Down there in Blooming Void they still show David Lee Roth and Billy Idol videos late at night. “David Lee Roth,” I’ll think to myself while nursing an egg nog, “The kind of guy who wears a silk scarf swimming in the ocean, that lucky, shitty bastard.” If tradition holds I’ll fall asleep on the couch and drift into a recurring winter dream: I’m in a large abandoned office building, standing at a urinal in the dark, my forehead resting against the cool tiles on the wall.
Through the giant windows on all sides of me a city stretches away in darkness, punctuated here and there with random displays of blue Christmas lights. Stringers of blue lights dully glowing from the eaves of dark houses and the skeletal trees along the boulevard. Hardly a moon over the world, and not a star in the sky. Nothing moving anywhere. Clouds of gray heat boiling from chimneys and squatting on the neighborhoods.

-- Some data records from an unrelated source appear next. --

lemma deviation_rate_le_stated_bound:
  fixes s D N m :: real
  assumes s: "0 \<le> s" and D: "0 \<le> D" and N: "1 \<le> N" and m: "1 \<le> m"
  shows "2 * sqrt ((2 * s + 2 * D\<^sup>2) / m) + 2 * D * sqrt (N / m)
    \<le> 8 * sqrt (2 * N) / sqrt m * ((4 * D + 2 * sqrt s + 2 * D) * (ln 2 + sqrt (2 * D + 1)))"
proof -
  define r where "r = sqrt s"
  define L where "L = ln 2 + sqrt (2 * D + 1)"
  have r: "0 \<le> r" "r\<^sup>2 = s" using s by (auto simp: r_def)
  have L: "1 \<le> L" using D by (simp add: L_def add_nonneg_nonneg add_increasing)
  have sqrtN: "1 \<le> sqrt N" "sqrt N \<le> sqrt (2 * N)" using N by auto
  have "sqrt (2 * s + 2 * D\<^sup>2) \<le> 2 * r + 2 * D"
    using r D by (intro real_le_lsqrt) (auto simp: power2_eq_square algebra_simps)
  moreover have "2 * r + 2 * D \<le> (2 * r + 2 * D) * sqrt N"
    using sqrtN r D by (simp add: mult_le_cancel_left1)
  moreover have "0 \<le> r * sqrt N" "0 \<le> D * sqrt N"
    using sqrtN r D by simp_all
  ultimately have "2 * sqrt (2 * s + 2 * D\<^sup>2) + 2 * D * sqrt N \<le> 8 * sqrt N * (6 * D + 2 * r)"
    by (simp add: algebra_simps)
  also have "\<dots> \<le> 8 * sqrt (2 * N) * ((6 * D + 2 * r) * L)"
    using sqrtN r D L by (intro mult_mono mult_left_mono) (auto simp: mult_le_cancel_left1)
  finally have "(2 * sqrt (2 * s + 2 * D\<^sup>2) + 2 * D * sqrt N) / sqrt m
      \<le> 8 * sqrt (2 * N) * ((6 * D + 2 * r) * L) / sqrt m"
    using m by (intro divide_right_mono) simp_all
  moreover have "2 * sqrt ((2 * s + 2 * D\<^sup>2) / m) + 2 * D * sqrt (N / m)
      = (2 * sqrt (2 * s + 2 * D\<^sup>2) + 2 * D * sqrt N) / sqrt m"
    unfolding real_sqrt_divide by (simp add: add_divide_distrib)
  ultimately show ?thesis by (simp add: r_def L_def)
qed
lemma is_LA_poly_exists: "\<exists>p. is_LA_poly n m p"
proof -
  define N where "N = n + m"
  define q where "q c = (\<Sum>i<N. Polynomial.smult (c i) (monom 1 i))" for c :: "nat \<Rightarrow> real"
  have coeff_q: "coeff (q c) j = (if j < N then c j else 0)" for c j
    by (simp add: q_def coeff_sum if_distrib[of "(*) _"] cong: if_cong)
  \<comment> \<open>The coefficients below the leading one solve a square system, injective by uniqueness.\<close>
  have "\<exists>c. \<forall>r<N. (\<Sum>i<N. angelesco_moment n r (monom 1 i) * c i) = - angelesco_moment n r (monom 1 N)"
  proof (rule injective_square_system_solvable)
    fix c
    assume "\<forall>r<N. (\<Sum>i<N. angelesco_moment n r (monom 1 i) * c i) = 0"
    then have "angelesco_orthogonal n m (q c)"
      by (simp add: angelesco_orthogonal_iff_moments q_def angelesco_moment_sum_smult N_def)
    moreover have "degree (q c) < n + m" if "0 < N"
      using that by (intro degree_lessI) (auto simp: coeff_q N_def)
    ultimately have "q c = 0 \<or> N = 0"
      using angelesco_orthogonal_degree_less_imp_eq_0 by blast
    then show "\<forall>i<N. c i = 0"
      using coeff_q[of c] by (metis coeff_0 not_less_zero)
  qed
  then obtain c where c: "\<forall>r<N. angelesco_moment n r (q c) = - angelesco_moment n r (monom 1 N)"
    by (auto simp: q_def angelesco_moment_sum_smult)
  define p where "p = monom 1 N + q c"
  have coeff_p: "coeff p j = (if j = N then 1 else if j < N then c j else 0)" for j
    by (simp add: p_def coeff_q)
  have "degree p = N"
    by (intro antisym degree_le le_degree) (auto simp: coeff_p)
  moreover have "angelesco_orthogonal n m p"
    using c by (simp add: angelesco_orthogonal_iff_moments p_def angelesco_moment_add N_def)
  ultimately show ?thesis
    using coeff_p[of N] unfolding is_LA_poly_def N_def by auto
qed
(* Let $G=(V,E)$ and $G'=(V',E')$ be graphs, and let $(u,v)$ be an ordered edge of $G$ and $(u',v')$ an ordered edge of $G'$. Then for every $t\ge0$: (1) If $\mathrm{eb}^{(t)}(G)=\mathrm{eb}^{(t)}(G')$, then $\mathrm{tp}^t(G)=\mathrm{tp}^t(G')$. (2) If $\mathrm{eb}^{(t)}(G,(u,v))=\mathrm{eb}^{(t)}(G',(u',v'))$ and $\mathrm{eb}^{(t)}(G)=\mathrm{eb}^{(t)}(G')$, then $\mathrm{tp}^t(G,u)=\mathrm{tp}^t(G',u')$, $\mathrm{tp}^t(G,v)=\mathrm{tp}^t(G',v')$, and $\mathrm{tp}^t(G,(u,v))=\mathrm{tp}^t(G',(u',v'))$.
   Context: All graphs are finite, simple and undirected, without isolated vertices; $N(v)$ denotes the neighborhood of $v$. An ordered edge of $G=(V,E)$ is a pair $(u,v)$ with $\{u,v\}\in E$. EB-1WL coloring: $\mathrm{eb}^{(0)}(G,(u,v))=1$ for every ordered edge, and $\mathrm{eb}^{(\ell+1)}(G,(u,v)) = \big(\mathrm{eb}^{(\ell)}(G,(u,v)),\ \{\!\{\mathrm{eb}^{(\ell)}(G,(u,x)) : x\in N(u)\}\!\},\ \{\!\{(\mathrm{eb}^{(\ell)}(G,(u,y)),\mathrm{eb}^{(\ell)}(G,(v,y))) : y\in N(u)\cap N(v)\}\!\},\ \{\!\{\mathrm{eb}^{(\ell)}(G,(v,z)) : z\in N(v)\}\!\}\big)$. $\mathrm{eb}^{(t)}(G)$ is the multiset of $\mathrm{eb}^{(t)}(G,(u,v))$ over all ordered edges $(u,v)$ of $G$. Logic: first-order logic over the vocabulary with one binary relation $E$, where $E(x,y)$ holds of $(u,v)$ iff $\{u,v\}$ is an edge. For a tuple $\bar x=(x_1,\dots,x_n)$ of distinct variables, $\mathrm{clique}(\bar x):=\bigwedge_{1\le i<j\le n}E(x_i,x_j)$ (empty conjunction = true). CFOC is the smallest set of formulas such that: (1) $\mathrm{clique}(\bar x)$ is in CFOC; (2) if $\phi(\bar x)\in$ CFOC then $\mathrm{clique}(\bar x)\wedge\neg\phi(\bar x)\in$ CFOC; (3) if $\phi(\bar x),\psi(\bar y)\in$ CFOC then $\mathrm{clique}(\bar z)\wedge(\phi(\bar x)\star\psi(\bar y))\in$ CFOC for $\star\in\{\wedge,\vee\}$, where $\bar z$ lists each variable of $\bar x$ and $\bar y$ exactly once; (4) if $\phi(\bar x,y)\in$ CFOC then $\mathrm{clique}(\bar x)\wedge\exists^{\ge k}y\,\phi(\bar x,y)\in$ CFOC for every integer $k\ge1$ ($\exists^{\ge k}$: at least $k$ witnesses). $\mathrm{CFOC}^3$: CFOC formulas using at most three distinct variables. For a graph $G$ and a tuple $\bar v$ of vertices (possibly empty), the $t$-type $\mathrm{tp}^t(G,\bar v)$ is the set of $\mathrm{CFOC}^3$ formulas $\phi(\bar x)$ of quantifier depth $t$ (with $|\bar x|=|\bar v|$) such that $G\models\phi(\bar v)$; $\mathrm{tp}^t(G)$ is the set of such sentences true in $G$. *)

theory Defs
  imports Main "HOL-Library.Multiset"
begin

definition graph :: "'a set \<Rightarrow> ('a \<Rightarrow> 'a \<Rightarrow> bool) \<Rightarrow> bool" where
  "graph V E \<longleftrightarrow> finite V \<and> (\<forall>x y. E x y \<longrightarrow> x \<in> V \<and> y \<in> V)
     \<and> (\<forall>x y. E x y \<longrightarrow> E y x) \<and> (\<forall>x. \<not> E x x) \<and> (\<forall>x\<in>V. \<exists>y. E x y)"

definition nbh :: "'a set \<Rightarrow> ('a \<Rightarrow> 'a \<Rightarrow> bool) \<Rightarrow> 'a \<Rightarrow> 'a set" where
  "nbh V E x = {y \<in> V. E x y}"
lemma growth_diagram_unique:
  assumes "finite F" and g: "growth_diagram R F f P" and g': "growth_diagram R F f' P'"
    and det: "\<And>m ka mu nu rho m' ka'. R m ka mu nu rho \<Longrightarrow> R m' ka' mu nu rho \<Longrightarrow> m = m' \<and> ka = ka'"
    and boundary: "\<And>p. p \<in> outer_boundary F \<Longrightarrow> P p = P' p"
    and c: "(i, j) \<in> F"
  shows "f (i, j) = f' (i, j)"
proof -
  have "P (a, b) = P' (a, b)" if "a = j - 1 \<or> a = j" "b = i - 1 \<or> b = i" for a b
    by (rule growth_diagram_eq_on_lattice_points[OF assms(1) g g' _ _ cell_corner_lattice_point[OF c that]])
      (fact det, fact boundary)
  then have "R (f' (i, j)) (P (j - 1, i - 1)) (P (j - 1, i)) (P (j, i - 1)) (P (j, i))"
    using growth_diagram_cell[OF g' c] by simp
  then show ?thesis using det[OF growth_diagram_cell[OF g c]] by blast
qed

lemma row_sum_eq_wt_plus:
  assumes yd: "young_diagram F" and ne: "F \<noteq> {}"
    and g: "growth_diagram R F f P" and bd: "boundary_is F P T"
    and size: "\<And>m ka mu nu rho. R m ka mu nu rho \<Longrightarrow> m + psize mu + psize nu = psize rho + psize ka"
    and i: "i \<in> {1..num_rows F}"
  shows "int (row_sum F f i) = wt_plus (boundary_word F) T i"
proof -
  have PT: "P (bpoint (boundary_word F) k) = T ! k" if "k \<le> length (boundary_word F)" for k
    using bd that unfolding boundary_is_def by blast
  let ?w = "boundary_word F" and ?a = "plus_index (boundary_word F) i"
  have "1 \<le> i" "i \<le> count_list ?w True" using i count_boundary_word(1)[OF yd] by simp_all
  note a = plus_index_step[OF this]
  obtain x where x: "bpoint ?w (?a - 1) = (x, i - 1)" "bpoint ?w ?a = (x, i)" using a(2) by blast
  have in_range: "?a - 1 \<le> length ?w" "?a \<le> length ?w" using a(1) by auto
  have "(x, i - 1) \<in> outer_boundary F" "(x, Suc (i - 1)) \<in> outer_boundary F"
    using bpoint_boundary_word_mem[OF yd ne in_range(1)] bpoint_boundary_word_mem[OF yd ne in_range(2)]
      x \<open>1 \<le> i\<close> by simp_all
  then have row: "{j. (i, j) \<in> F} = {1..x}"
    using outer_boundary_up_step[OF yd] \<open>1 \<le> i\<close> by fastforce
  have first: "(i, 1) \<in> F" using first_col_iff[OF yd] i by simp
  have "int (row_sum F f i) = int (psize (P (x, i))) - int (psize (P (x, i - 1)))"
    by (rule row_sum_growth_diagram[OF g _ row first]) (fact size)
  also have "\<dots> = wt_plus ?w T i"
    using PT[OF in_range(1)] PT[OF in_range(2)] x unfolding wt_plus_def by simp
  finally show ?thesis .
qed
section \<open>Up-down words\<close>

definition updown :: "nat list \<Rightarrow> bool list" where
  "updown \<pi> = map (\<lambda>i. \<pi> ! i < \<pi> ! Suc i) [0..<length \<pi> - 1]"

lemma length_updown [simp]: "length (updown \<pi>) = length \<pi> - 1"
  by (simp add: updown_def)

lemma updown_snoc: "\<pi> \<noteq> [] \<Longrightarrow> updown (\<pi> @ [v]) = updown \<pi> @ [last \<pi> < v]"
  by (induction \<pi> rule: rev_induct)
    (auto simp: updown_def nth_append last_conv_nth intro!: map_cong)

lemma updown_map_strict_mono: "strict_mono f \<Longrightarrow> updown (map f \<pi>) = updown \<pi>"
  by (simp add: updown_def strict_mono_less)

definition lift_from :: "nat \<Rightarrow> nat \<Rightarrow> nat" where
  "lift_from k v = (if k \<le> v then Suc v else v)"

definition lower_above :: "nat \<Rightarrow> nat \<Rightarrow> nat" where
  "lower_above k v = (if k < v then v - 1 else v)"

lemma strict_mono_lift_from: "strict_mono (lift_from k)"
  by (rule strict_monoI) (simp add: lift_from_def)

lemma lift_from_lower_above: "v \<noteq> k \<Longrightarrow> lift_from k (lower_above k v) = v"
  by (auto simp: lift_from_def lower_above_def)

lemma lift_from_image:
  assumes "k \<in> {1..Suc n}" shows "lift_from k ` {1..n} = {1..Suc n} - {k}"
proof (intro equalityI subsetI)
  fix v assume v: "v \<in> {1..Suc n} - {k}"
  then have "lower_above k v \<in> {1..n}" using assms by (auto simp: lower_above_def)
  with v show "v \<in> lift_from k ` {1..n}"
    by (metis Diff_iff insertI1 lift_from_lower_above rev_image_eqI)
qed (use assms in \<open>auto simp: lift_from_def\<close>)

Then, from somewhere far below me, I hear a large choir singing “Take Me Out to the Ballgame,” the most mournful version I have ever heard, or ever hope to hear. The singers sound like people trapped in the bowels of a sinking ship, holding hands, waiting for the water to find them.
And when I wake up it will be Christmas morning, and the world will have made its first turn out of winter, and my heart will begin its real straining out of the darkness, jogging towards the light, toward Spring Training.
And that, to me, is the real meaning of Christmas.